** Opening Exercise materials block **

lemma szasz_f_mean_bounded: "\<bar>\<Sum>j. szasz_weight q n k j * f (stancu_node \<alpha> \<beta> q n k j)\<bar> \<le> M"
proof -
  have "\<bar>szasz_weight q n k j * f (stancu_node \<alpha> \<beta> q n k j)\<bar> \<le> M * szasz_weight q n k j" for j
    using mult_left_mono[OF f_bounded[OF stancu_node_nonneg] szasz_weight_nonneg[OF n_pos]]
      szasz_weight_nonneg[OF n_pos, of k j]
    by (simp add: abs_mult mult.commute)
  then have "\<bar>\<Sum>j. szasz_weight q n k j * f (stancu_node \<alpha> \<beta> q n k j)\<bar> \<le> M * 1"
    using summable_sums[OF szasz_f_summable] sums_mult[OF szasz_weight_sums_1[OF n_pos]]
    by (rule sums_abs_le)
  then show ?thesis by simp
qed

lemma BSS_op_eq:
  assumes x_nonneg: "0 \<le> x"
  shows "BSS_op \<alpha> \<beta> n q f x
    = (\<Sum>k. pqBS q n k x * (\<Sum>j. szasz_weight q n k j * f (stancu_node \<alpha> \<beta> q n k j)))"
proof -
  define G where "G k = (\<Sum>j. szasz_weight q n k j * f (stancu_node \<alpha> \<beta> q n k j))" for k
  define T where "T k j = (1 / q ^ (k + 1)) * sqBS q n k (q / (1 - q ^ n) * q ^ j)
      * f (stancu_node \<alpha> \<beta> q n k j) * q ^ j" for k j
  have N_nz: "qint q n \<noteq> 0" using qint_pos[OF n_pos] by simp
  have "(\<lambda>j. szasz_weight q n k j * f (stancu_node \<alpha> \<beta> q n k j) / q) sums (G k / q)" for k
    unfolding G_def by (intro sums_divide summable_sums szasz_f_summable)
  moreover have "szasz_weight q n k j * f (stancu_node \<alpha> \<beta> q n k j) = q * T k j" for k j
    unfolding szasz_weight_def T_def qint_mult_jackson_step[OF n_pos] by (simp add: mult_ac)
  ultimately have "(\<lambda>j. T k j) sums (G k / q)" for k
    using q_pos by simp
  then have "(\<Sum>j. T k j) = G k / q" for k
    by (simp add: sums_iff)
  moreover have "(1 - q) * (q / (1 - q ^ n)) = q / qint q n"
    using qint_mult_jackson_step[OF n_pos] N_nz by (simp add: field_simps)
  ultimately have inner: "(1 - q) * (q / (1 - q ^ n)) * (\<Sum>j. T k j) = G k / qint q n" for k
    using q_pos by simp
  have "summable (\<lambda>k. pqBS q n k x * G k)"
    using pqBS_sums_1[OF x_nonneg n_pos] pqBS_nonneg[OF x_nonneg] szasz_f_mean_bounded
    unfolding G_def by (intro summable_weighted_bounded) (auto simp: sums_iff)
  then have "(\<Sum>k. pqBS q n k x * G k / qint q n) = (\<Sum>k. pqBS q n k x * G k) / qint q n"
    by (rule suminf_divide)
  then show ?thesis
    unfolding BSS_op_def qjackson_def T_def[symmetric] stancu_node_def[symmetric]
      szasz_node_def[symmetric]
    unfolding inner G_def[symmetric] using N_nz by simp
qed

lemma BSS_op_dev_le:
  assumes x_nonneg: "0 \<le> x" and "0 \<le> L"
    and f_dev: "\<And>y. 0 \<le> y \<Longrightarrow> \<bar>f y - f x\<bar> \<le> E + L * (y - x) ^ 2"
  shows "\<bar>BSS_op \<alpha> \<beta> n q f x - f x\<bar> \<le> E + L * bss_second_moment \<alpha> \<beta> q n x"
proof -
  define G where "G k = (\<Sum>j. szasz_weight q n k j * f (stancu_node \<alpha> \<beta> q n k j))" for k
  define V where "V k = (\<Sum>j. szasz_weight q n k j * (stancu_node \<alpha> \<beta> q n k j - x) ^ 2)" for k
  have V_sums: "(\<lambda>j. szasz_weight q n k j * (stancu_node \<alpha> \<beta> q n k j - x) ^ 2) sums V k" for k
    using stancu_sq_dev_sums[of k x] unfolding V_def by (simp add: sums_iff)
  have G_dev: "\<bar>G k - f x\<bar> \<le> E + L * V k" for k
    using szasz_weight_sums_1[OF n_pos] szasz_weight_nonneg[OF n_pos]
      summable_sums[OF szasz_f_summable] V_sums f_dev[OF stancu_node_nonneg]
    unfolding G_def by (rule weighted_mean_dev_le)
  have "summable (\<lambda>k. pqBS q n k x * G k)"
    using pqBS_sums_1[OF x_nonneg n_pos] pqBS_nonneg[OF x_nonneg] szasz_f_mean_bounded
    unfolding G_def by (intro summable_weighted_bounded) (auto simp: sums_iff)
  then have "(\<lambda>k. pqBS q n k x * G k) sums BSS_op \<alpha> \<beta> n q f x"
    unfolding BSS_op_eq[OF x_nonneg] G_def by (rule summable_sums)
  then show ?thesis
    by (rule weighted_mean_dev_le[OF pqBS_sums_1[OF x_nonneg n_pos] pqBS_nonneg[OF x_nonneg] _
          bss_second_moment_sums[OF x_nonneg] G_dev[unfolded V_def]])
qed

** Closing Exercise materials block **

Your objective:
Throughout the listing above, count the lines where the word "moreover" appears, then reply with that count and no other words.

Written answer:
2